Multi-Quantile Loss Calculates the Multi-Quantile loss (MQL) between y and y_hat. MQL calculates the average multi-quantile Loss for a given set of quantiles, based on the absolute difference between predicted quantiles and observed values.

\mathrm{MQL}(\mathbf{y}_{\tau},[\mathbf{\hat{y}}^{(q_{1})}_{\tau}, ... ,\hat{y}^{(q_{n})}_{\tau}]) = \frac{1}{n} \sum_{q_{i}} \mathrm{QL}(\mathbf{y}_{\tau}, \mathbf{\hat{y}}^{(q_{i})}_{\tau})

The limit behavior of MQL allows to measure the accuracy of a full predictive distribution

\mathbf{\hat{F}}_{\tau}

with the continuous ranked probability score (CRPS). This can be achieved through a numerical integration technique, that discretizes the quantiles and treats the CRPS integral with a left Riemann approximation, averaging over uniformly distanced quantiles.

\mathrm{CRPS}(y_{\tau}, \mathbf{\hat{F}}_{\tau}) = \int^{1}_{0} \mathrm{QL}(y_{\tau}, \hat{y}^{(q)}_{\tau}) dq

Args:

y (np.ndarray): numpy array, Actual values.
y_hat (np.ndarray): numpy array, Predicted values.
quantiles (np.ndarray): numpy array. Quantiles between 0 and 1, to perform evaluation upon size (n_quantiles).
weights (Optional[np.ndarray], optional): numpy array, Specifies date stamps per serie to consider in loss.

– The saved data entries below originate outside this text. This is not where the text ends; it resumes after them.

lemma norm_prodmap_identity_le_commutator:
  fixes \<omega> :: "'a::semigroup_mult \<Rightarrow> real" and e s :: 'a
  assumes lc: "left_cancellative TYPE('a)" and w: "weight \<omega>"
    and left_id: "\<And>x. e * x = x" and right_id: "\<And>x. x * e = x"
    and no_right_inverse: "\<nexists>t. s * t = e" and m: "m \<in> l1w2 \<omega>"
  shows "norm (prodmap m e) \<le> l1w2_norm \<omega> (\<lambda>q. lmod (indicator {s}) m q - rmod m (indicator {s}) q) / \<omega> s"
proof -
  define D where "D = (\<lambda>q. lmod (indicator {s}) m q - rmod m (indicator {s}) q)"
  define E where "E = {p :: 'a \<times> 'a. fst p * snd p = e}"
  define \<phi> where "\<phi> p = (s * fst p, snd p)" for p :: "'a \<times> 'a"
  have inj: "inj \<phi>"
    by (rule injI) (auto simp: \<phi>_def prod_eq_iff dest: left_cancellativeD[OF lc])
  have lmod_\<phi>: "lmod (indicator {s}) m (\<phi> p) = m p" for p
  proof -
    have "{p'. (s * fst p', snd p') = \<phi> p} = {p}"
      using inj by (auto simp: \<phi>_def[symmetric] inj_eq)
    then show ?thesis by (simp add: lmod_indicator)
  qed
  have rmod_\<phi>: "rmod m (indicator {s}) (\<phi> p) = 0" if "p \<in> E" for p
  proof -
    have "z * s \<noteq> snd p" for z
    proof
      assume "z * s = snd p"
      then have "(fst p * z) * s = e" using that by (simp add: E_def mult.assoc flip: \<open>z * s = snd p\<close>)
      then have "s * (fst p * z) = e"
        by (rule left_inverse_imp_right_inverse[OF lc left_id right_id])
      with no_right_inverse show False by blast
    qed
    then have "{p'. (fst p', snd p' * s) = \<phi> p} = {}" by (auto simp: \<phi>_def prod_eq_iff)
    then show ?thesis by (simp add: rmod_indicator)
  qed
  have D_summable: "(\<lambda>q. norm (D q) * (\<omega> (fst q) * \<omega> (snd q))) summable_on UNIV"
    unfolding D_def by (rule commutator_indicator_summable[OF w m])
  have weight_ge: "\<omega> s \<le> \<omega> (fst q) * \<omega> (snd q)" if "q \<in> \<phi> ` E" for q
  proof -
    from that obtain p where "p \<in> E" "q = \<phi> p" by blast
    then have "fst q * snd q = s" by (simp add: E_def \<phi>_def mult.assoc right_id)
    then show ?thesis using weight_mult[OF w, of "fst q" "snd q"] by simp
  qed
  have "prodmap m e = infsum m E" by (simp add: prodmap_def E_def)
  also have "\<dots> = infsum (lmod (indicator {s}) m \<circ> \<phi>) E" by (simp add: o_def lmod_\<phi>)
  also have "\<dots> = infsum (lmod (indicator {s}) m) (\<phi> ` E)"
    by (rule infsum_reindex[OF inj_on_subset[OF inj], symmetric]) simp
  also have "\<dots> = infsum D (\<phi> ` E)"
    by (rule infsum_cong) (auto simp: D_def rmod_\<phi>)
  finally have "norm (prodmap m e) = norm (infsum D (\<phi> ` E))" by simp
  also have "\<dots> \<le> l1w2_norm \<omega> D / \<omega> s"
    unfolding l1w2_norm_def
    by (rule norm_infsum_le_weighted_norm[OF D_summable])
      (use weight_pos[OF w] weight_ge in \<open>auto intro: less_imp_le\<close>)
  finally show ?thesis by (simp add: D_def)
qed

locale approximate_diagonal =
  fixes \<omega> :: "'a::semigroup_mult \<Rightarrow> real" and F :: "('a \<times> 'a \<Rightarrow> complex) filter"
  assumes weight: "weight \<omega>"
    and nontrivial: "F \<noteq> bot"
    and eventually_l1w2: "\<forall>\<^sub>F m in F. m \<in> l1w2 \<omega>"
    and commutator_tendsto: "a \<in> l1w \<omega> \<Longrightarrow> ((\<lambda>m. l1w2_norm \<omega> (\<lambda>q. lmod a m q - rmod m a q)) \<longlongrightarrow> 0) F"
    and approximate_unit: "a \<in> l1w \<omega> \<Longrightarrow> ((\<lambda>m. l1w_norm \<omega> (\<lambda>u. conv a (prodmap m) u - a u)) \<longlongrightarrow> 0) F"

lemma pseudo_amenableE:
  assumes "pseudo_amenable \<omega>" and "weight \<omega>"
  obtains F where "approximate_diagonal \<omega> F"
  using assms unfolding pseudo_amenable_def approximate_diagonal_def by blast

context approximate_diagonal
begin

lemma conv_indicator_prodmap_tendsto:
  fixes s u :: 'a
  shows "((\<lambda>m. conv (indicator {s}) (prodmap m) u) \<longlongrightarrow> indicator {s} u) F"
proof -
  have "((\<lambda>m. conv (indicator {s}) (prodmap m) u - indicator {s} u) \<longlongrightarrow> 0) F"
  proof (rule Lim_null_comparison)
    show "((\<lambda>m. l1w_norm \<omega> (\<lambda>u. conv (indicator {s}) (prodmap m) u - indicator {s} u) / \<omega> u) \<longlongrightarrow> 0) F"
      using tendsto_divide_zero[OF approximate_unit[OF indicator_in_l1w]] by simp
    show "\<forall>\<^sub>F m in F. norm (conv (indicator {s}) (prodmap m) u - indicator {s} u)
            \<le> l1w_norm \<omega> (\<lambda>u. conv (indicator {s}) (prodmap m) u - indicator {s} u) / \<omega> u"
      using eventually_l1w2
    proof eventually_elim
      case (elim m)
      have "norm (\<Sum>\<^sub>\<infinity>v\<in>{u}. conv (indicator {s}) (prodmap m) v - indicator {s} v)
            \<le> l1w_norm \<omega> (\<lambda>u. conv (indicator {s}) (prodmap m) u - indicator {s} u) / \<omega> u"
        unfolding l1w_norm_def
        by (rule norm_infsum_le_weighted_norm[OF conv_indicator_prodmap_diff_summable[OF weight elim]])
          (use weight_pos[OF weight] in \<open>auto intro: less_imp_le\<close>)
      then show ?case by simp
    qed
  qed
  then show ?thesis by (simp add: LIM_zero_iff)
qed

Default is None.
axis (Optional[int], optional): Axis along which to compute the metric. Default is None.

Returns:

Union[float, np.ndarray]: numpy array, (single value).

References:

`function` `rel_mse`

rel_mse(y, y_hat, y_train, mask=None)

Relative Mean Squared Error Computes Relative mean squared error (RelMSE), as proposed by Hyndman & Koehler (2006) as an alternative to percentage errors, to avoid measure unstability.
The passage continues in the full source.